(ACTIVITY) Where the string "symmetric" occurs in a line of the entries below, copy that line.

(RECORDS FOR THIS EXERCISE)
lemma ideal_pow_Suc_subset_iff:
  assumes "ideal I R" "ideal J R"
  shows "ideal_pow R J (Suc n) \<subseteq> I \<longleftrightarrow> ideal_pow R J n \<subseteq> ideal_colon I J"
  using ideal_prod_subset_iff_subset_ideal_colon[OF assms(1) ideal_pow_ideal[OF assms(2)]] by simp

definition maximal_avoiding :: "'a set \<Rightarrow> 'a \<Rightarrow> bool" where
  "maximal_avoiding I x \<longleftrightarrow>
     ideal I R \<and> x \<notin> I \<and> (\<forall>J. ideal J R \<longrightarrow> I \<subseteq> J \<longrightarrow> x \<notin> J \<longrightarrow> J = I)"

end

context noetherian_ring
begin

lemma mono_ideal_seq_stabilizes:
  fixes C :: "nat \<Rightarrow> 'a set"
  assumes "\<And>n. ideal (C n) R" and "mono C"
  shows "\<exists>N. \<forall>n. C n \<subseteq> C N"
proof -
  have "C m \<subseteq> C n \<or> C n \<subseteq> C m" for m n
    using nat_le_linear[of m n] monoD[OF assms(2)] by blast
  then have "subset.chain {I. ideal I R} (range C)"
    using assms(1) unfolding pred_on.chain_def by blast
  then have "\<Union>(range C) \<in> range C"
    using ideal_chain_is_trivial by blast
  then show ?thesis by blast
qed

lemma exists_maximal_avoiding:
  assumes "x \<noteq> \<zero>"
  shows "\<exists>I. maximal_avoiding I x"
proof -
  define F where "F = {J. ideal J R \<and> x \<notin> J}"
  have "\<exists>M\<in>F. \<forall>J\<in>F. M \<subseteq> J \<longrightarrow> J = M"
  proof (rule subset_Zorn_nonempty)
    show "F \<noteq> {}"
      using zeroideal assms unfolding F_def by blast
  next
    fix C assume C: "C \<noteq> {}" "subset.chain F C"
    then have "subset.chain {I. ideal I R} C"
      unfolding F_def pred_on.chain_def by blast
    then have "\<Union>C \<in> C"
      using ideal_chain_is_trivial[OF C(1)] by blast
    then show "\<Union>C \<in> F"
      using C(2) unfolding pred_on.chain_def by blast
  qed
  then show ?thesis
    unfolding F_def maximal_avoiding_def by blast
qed

end

context cring
begin

lemma ideal_pow_cgenideal_subset:
  assumes a: "a \<in> carrier R"
  shows "ideal_pow R (PIdl a) k \<subseteq> PIdl (a [^] k)"
proof (induction k)
  case 0
  show ?case
    unfolding cgenideal_def by (force intro: r_one[symmetric])
next
  case (Suc k)
  have ak: "a [^] k \<in> carrier R" using a by simp
  have "ideal_pow R (PIdl a) (Suc k) \<subseteq> ideal_prod R (PIdl a) (PIdl (a [^] k))"
    using ideal_prod_mono[OF subset_refl Suc.IH] by simp
  also have "\<dots> = Idl (PIdl (a \<otimes> a [^] k))"
    using ideal_prod_eq_genideal[OF cgenideal_ideal[OF a] cgenideal_ideal[OF ak]] cgenideal_prod[OF a ak]
    by simp
  also have "\<dots> \<subseteq> PIdl (a \<otimes> a [^] k)"
    using a ak by (simp add: genideal_minimal cgenideal_ideal)
  also have "a \<otimes> a [^] k = a [^] Suc k"
    using a ak by (simp add: m_comm)
  finally show ?case .
qed

lemma ideal_colon_is_ideal:
  assumes "ideal I R" "J \<subseteq> carrier R"
  shows "ideal (ideal_colon I J) R"
proof -
  interpret I: ideal I R by fact
  show ?thesis
  proof (rule idealI[OF ring_axioms])
    show "subgroup (ideal_colon I J) (add_monoid R)"
      using assms(2)
      by (rule_tac subgroup.intro) (auto simp: ideal_colon_def r_distr r_minus subset_iff simp flip: a_inv_def)
  next
    fix a x assume a: "a \<in> ideal_colon I J" and x: "x \<in> carrier R"
    have "j \<otimes> (x \<otimes> a) = x \<otimes> (j \<otimes> a)" "j \<otimes> (a \<otimes> x) = (j \<otimes> a) \<otimes> x" if "j \<in> J" for j
      using that a x assms(2) by (auto simp: ideal_colon_def m_lcomm m_assoc)
    then show "x \<otimes> a \<in> ideal_colon I J" "a \<otimes> x \<in> ideal_colon I J"
      using a x by (auto simp: ideal_colon_def I.I_l_closed I.I_r_closed)
  qed
qed

text \<open>The induction hypothesis is applied to the colon ideals \<open>(I : J)\<close> and \<open>(I : K)\<close>.\<close>

lemma ideal_pow_add_subset:
  assumes "ideal I R" "ideal J R" "ideal K R"
    and "ideal_pow R J a \<subseteq> I" "ideal_pow R K b \<subseteq> I"
  shows "ideal_pow R (J <+> K) (a + b) \<subseteq> I"
  using assms
proof (induction "a + b" arbitrary: a b I)
  case 0
  then show ?case by simp
next
  case (Suc n)
  note I = Suc.prems(1) and J = Suc.prems(2) and K = Suc.prems(3)
  have JK: "ideal (J <+> K) R" using add_ideals[OF J K] .
  show ?case
  proof (cases "a = 0 \<or> b = 0")
    case True
    then have "carrier R \<subseteq> I" using Suc.prems(4,5) by (elim disjE) simp_all
    then show ?thesis using ideal.Icarr[OF ideal_pow_ideal[OF JK]] by blast
  next
    case False
    then obtain a' b' where a: "a = Suc a'" and b: "b = Suc b'" by (meson not0_implies_Suc)
    have carr: "J \<subseteq> carrier R" "K \<subseteq> carrier R"
      using J K by (simp_all add: additive_subgroup.a_subset ideal.axioms(1))
    define X where "X = ideal_pow R (J <+> K) n"
    have X: "ideal X R" unfolding X_def using ideal_pow_ideal[OF JK] .
    have "ideal_pow R J a' \<subseteq> ideal_colon I J" "ideal_pow R K b \<subseteq> ideal_colon I J"
      using Suc.prems(4,5) a ideal_pow_Suc_subset_iff[OF I J] subset_ideal_colon[OF I J] by auto
    then have "X \<subseteq> ideal_colon I J"
      using Suc.hyps(1)[OF _ ideal_colon_is_ideal[OF I carr(1)] J K] Suc.hyps(2) a
      unfolding X_def by simp
    then have JX: "ideal_prod R J X \<subseteq> I"
      using ideal_prod_subset_iff_subset_ideal_colon[OF I X] by blast
    have "ideal_pow R J a \<subseteq> ideal_colon I K" "ideal_pow R K b' \<subseteq> ideal_colon I K"
      using Suc.prems(4,5) b ideal_pow_Suc_subset_iff[OF I K] subset_ideal_colon[OF I K] by auto
    then have "X \<subseteq> ideal_colon I K"
      using Suc.hyps(1)[OF _ ideal_colon_is_ideal[OF I carr(2)] J K] Suc.hyps(2) b
      unfolding X_def by simp
    then have KX: "ideal_prod R K X \<subseteq> I"
      using ideal_prod_subset_iff_subset_ideal_colon[OF I X] by blast
    have "ideal_pow R (J <+> K) (a + b) = ideal_prod R J X <+> ideal_prod R K X"
      using ideal_prod_distr(2)[OF X J K] Suc.hyps(2)[symmetric] unfolding X_def by simp
    also have "\<dots> = Idl (ideal_prod R J X \<union> ideal_prod R K X)"
      using union_genideal[OF ideal_prod_is_ideal[OF J X] ideal_prod_is_ideal[OF K X]] by (rule sym)
    also have "\<dots> \<subseteq> I"
      using JX KX by (simp add: genideal_minimal[OF I])
    finally show ?thesis .
  qed
qed

lemma ideal_pow_genideal_subset:
  assumes "finite A" "A \<subseteq> carrier R" "ideal I R" "\<forall>a\<in>A. \<exists>k::nat. a [^] k \<in> I"
  shows "\<exists>m. ideal_pow R (Idl A) m \<subseteq> I"
  using assms
proof (induction A rule: finite_induct)
  case empty
  have "ideal_pow R (Idl {}) 1 \<subseteq> Idl {}"
    using ideal_pow_Suc_subset[OF genideal_ideal[OF empty_subsetI], of 0] by simp
  also have "\<dots> \<subseteq> I"
    using genideal_minimal[OF empty.prems(2)] by simp
  finally show ?case by blast
next
  case (insert a B)
  have a: "a \<in> carrier R" and B: "B \<subseteq> carrier R" using insert.prems by auto
  obtain m where m: "ideal_pow R (Idl B) m \<subseteq> I" using insert by auto
  obtain k :: nat where "a [^] k \<in> I" using insert.prems by auto
  then have "ideal_pow R (PIdl a) k \<subseteq> I"
    using ideal_pow_cgenideal_subset[OF a] cgenideal_minimal[OF insert.prems(2)] by blast
  then have "ideal_pow R (PIdl a <+> Idl B) (k + m) \<subseteq> I"
    using ideal_pow_add_subset[OF insert.prems(2) cgenideal_ideal[OF a] genideal_ideal[OF B] _ m] by blast
  moreover have "Idl (insert a B) \<subseteq> PIdl a <+> Idl B"
  proof -
    have "insert a B \<subseteq> Idl (PIdl a \<union> Idl B)"
      using cgenideal_self[OF a] genideal_self[OF B] genideal_self[of "PIdl a \<union> Idl B"]
        ideal.Icarr[OF cgenideal_ideal[OF a]] ideal.Icarr[OF genideal_ideal[OF B]] by blast
    then show ?thesis
      using genideal_minimal[OF add_ideals[OF cgenideal_ideal[OF a] genideal_ideal[OF B]]]
        union_genideal[OF cgenideal_ideal[OF a] genideal_ideal[OF B]] by simp
  qed
  ultimately show ?case
    using ideal_pow_mono by blast
qed

lemma maximal_avoiding_extend:
  assumes I: "maximal_avoiding I x" and a: "a \<in> carrier R" "a \<notin> I"
  shows "\<exists>i\<in>I. \<exists>s\<in>carrier R. x = i \<oplus> s \<otimes> a"
proof -
  have idI: "ideal I R" using I by (simp add: maximal_avoiding_def)
  have K: "ideal (I <+> PIdl a) R" using add_ideals[OF idI cgenideal_ideal[OF a(1)]] .
  have "I \<union> PIdl a \<subseteq> I <+> PIdl a"
    using genideal_self[of "I \<union> PIdl a"] union_genideal[OF idI cgenideal_ideal[OF a(1)]]
      ideal.Icarr[OF idI] ideal.Icarr[OF cgenideal_ideal[OF a(1)]] by blast
  then have "I \<subset> I <+> PIdl a"
    using cgenideal_self[OF a(1)] a(2) by blast
  then have "x \<in> I <+> PIdl a"
    using I K unfolding maximal_avoiding_def by blast
  then show ?thesis
    unfolding set_add_def' cgenideal_def by blast
qed

lemma maximal_avoiding_colon_primeideal:
  assumes I: "maximal_avoiding I x" and x: "x \<in> carrier R"
  shows "primeideal (ideal_colon I {x}) R"
proof -
  have idI: "ideal I R" and xI: "x \<notin> I" using I by (auto simp: maximal_avoiding_def)
  show ?thesis
  proof (rule primeidealI[OF ideal_colon_is_ideal[OF idI] is_cring])
    have "\<one> \<notin> ideal_colon I {x}"
      using x xI by (simp add: ideal_colon_singleton_iff)
    then show "carrier R \<noteq> ideal_colon I {x}"
      by blast
  next
    fix a b assume a: "a \<in> carrier R" and b: "b \<in> carrier R" and ab: "a \<otimes> b \<in> ideal_colon I {x}"
    show "a \<in> ideal_colon I {x} \<or> b \<in> ideal_colon I {x}"
    proof (cases "a \<in> ideal_colon I {x}")
      case False
      then have "x \<otimes> a \<notin> I" using a by (simp add: ideal_colon_singleton_iff)
      then obtain i s where i: "i \<in> I" and s: "s \<in> carrier R" and xis: "x = i \<oplus> s \<otimes> (x \<otimes> a)"
        using maximal_avoiding_extend[OF I m_closed[OF x a]] by blast
      have ic: "i \<in> carrier R" using ideal.Icarr[OF idI i] .
      have "x \<otimes> b = (i \<oplus> s \<otimes> (x \<otimes> a)) \<otimes> b"
        using arg_cong[where f = "\<lambda>y. y \<otimes> b", OF xis] .
      also have "\<dots> = i \<otimes> b \<oplus> s \<otimes> (x \<otimes> (a \<otimes> b))"
        using ic s a b x by algebra
      finally have "x \<otimes> b = i \<otimes> b \<oplus> s \<otimes> (x \<otimes> (a \<otimes> b))" .
      moreover have "i \<otimes> b \<in> I"
        using ideal.I_r_closed[OF idI i b] .
      moreover have "s \<otimes> (x \<otimes> (a \<otimes> b)) \<in> I"
        using ideal.I_l_closed[OF idI _ s] ab by (simp add: ideal_colon_singleton_iff)
      ultimately have "x \<otimes> b \<in> I"
        using idI by (metis additive_subgroup.a_closed ideal.axioms(1))
      then have "b \<in> ideal_colon I {x}"
        using b by (simp add: ideal_colon_singleton_iff)
      then show ?thesis ..
    qed simp
  qed (use x in simp)
qed

end

locale noetherian_cring = cring + noetherian_ring

context noetherian_cring
begin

(TASK RESPONSE)
    unfolding cgenideal_def by (force intro: r_one[symmetric])
      using ideal_prod_distr(2)[OF X J K] Suc.hyps(2)[symmetric] unfolding X_def by simp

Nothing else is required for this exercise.